22 September 2017
It has been fascinating watching the last week of the election campaign roll out from afar. I voted early because I’ve been out of the country all week and won’t be back until after the votes are counted.
With the pressure off to decide who to vote for my mind has turned to the mechanics of maneuvering and machinations between the bigger and smaller parties. I’ve seen the latest poll results, read the odd opinion piece when I’ve had access to the internet and thought lots about the disadvantage the minor parties are at when the popularity tide goes in and out for the two old parties. The only conclusions I’ve come to are reinforcements of views I’ve formed from previous elections.
My first conclusion is that our electoral cycle is too short – far too short to be exact. A three year cycle allows a government a year to settle in, a year to get things done and the third year to get re-elected. This short cycle punishes long term thinking because of the constant focus on retaining power and therefore what the swinging voter might think, rather than doing the right thing for the country. We’ve had several three term (9 year) governments in recent political times. Each has looked to be running out of steam by its final term in office, despite not fulfilling the mandate given it by the public at election times. I think this is in large part because of the short electoral term where governments are distracted by having to go back to the polls every three years. Personally I’d be willing to take a punt on a 5 year term, but I suspect that is a bridge too far for the majority of the public. So I’d settle for four years – it would be a step in the right direction and we’d see better policy thinking and action as a result.

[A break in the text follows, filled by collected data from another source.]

text \<open>
  Everything reduces to the existence of a common null vector of the code: a nonzero
  v \<in> F^n with X v = 0 for all X \<in> C.

  If C is security equivalent to a code with n' < n columns, the rank support space
  V_L \<supseteq> C has L \<noteq> F^n, since X \<mapsto> A X B is not injective on all of F^(m\<times>n) when B has
  fewer columns than rows; any nonzero w orthogonal to L is then a common null vector.
  Conversely, if v is a common null vector with v_p \<noteq> 0, then C lies in
  V_(v^\<perp>) = {X. X v = 0}, and deleting column p maps this space bijectively onto
  F^(m\<times>(n-1)), because the deleted column is determined by X v = 0; so C is degenerate.

  On the dual side, for a line L = span {v} the elements of C^\<perp> \<inter> V_L are the matrices
  u v^T with u orthogonal to all X v, X \<in> C. This section has dimension m iff v is a common
  null vector, which gives d_(M,m)(C^\<perp>) = 1 iff a common null vector exists; the
  hypothesis dim C^\<perp> \<ge> m guarantees that the minimum defining d_(M,m) is attained.
  Finally, for a common null vector v the rank-one matrix e_1 v^T lies in C^\<perp>, so
  d_R(C^\<perp>) \<le> 1.
\<close>

section \<open>Subspaces of F^n and rank support spaces\<close>

lemma vec_nonzero_entry:
  fixes v :: "'a::zero vec"
  assumes "v \<in> carrier_vec n" and "v \<noteq> 0\<^sub>v n"
  obtains j where "j < n" and "v $ j \<noteq> 0"
  using assms by (metis carrier_vecD eq_vecI index_zero_vec)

My second conclusion is that the threshold for parties without an electorate seat is too high. The German MMP system we adopted in 1996 dictated our current 5 percent threshold. When I was an MP with a small elected party our focus was first to retain our one electorate seat, then to promote our policies elsewhere around the country for the party vote. This overlooks the fact that minor parties have ideas that are frequently not promoted by bigger parties, but benefit New Zealand and New Zealanders. MMP was meant to bring better representation of the NZ public. If politics is the contest of ideas our current system sets the hurdle too high. There is also an inherent unfairness when a party gets close to the 5% threshold but fails to make it to parliament while a party with one seat gets around 1 percent of the party vote and does have a parliamentary presence.
So, this election I’m advocating electoral reform. A four year electoral term and dropping the threshold to 3 percent (but willing to negotiate up to four if necessary). The eve of the election seems a perfect time to launch such an initiative!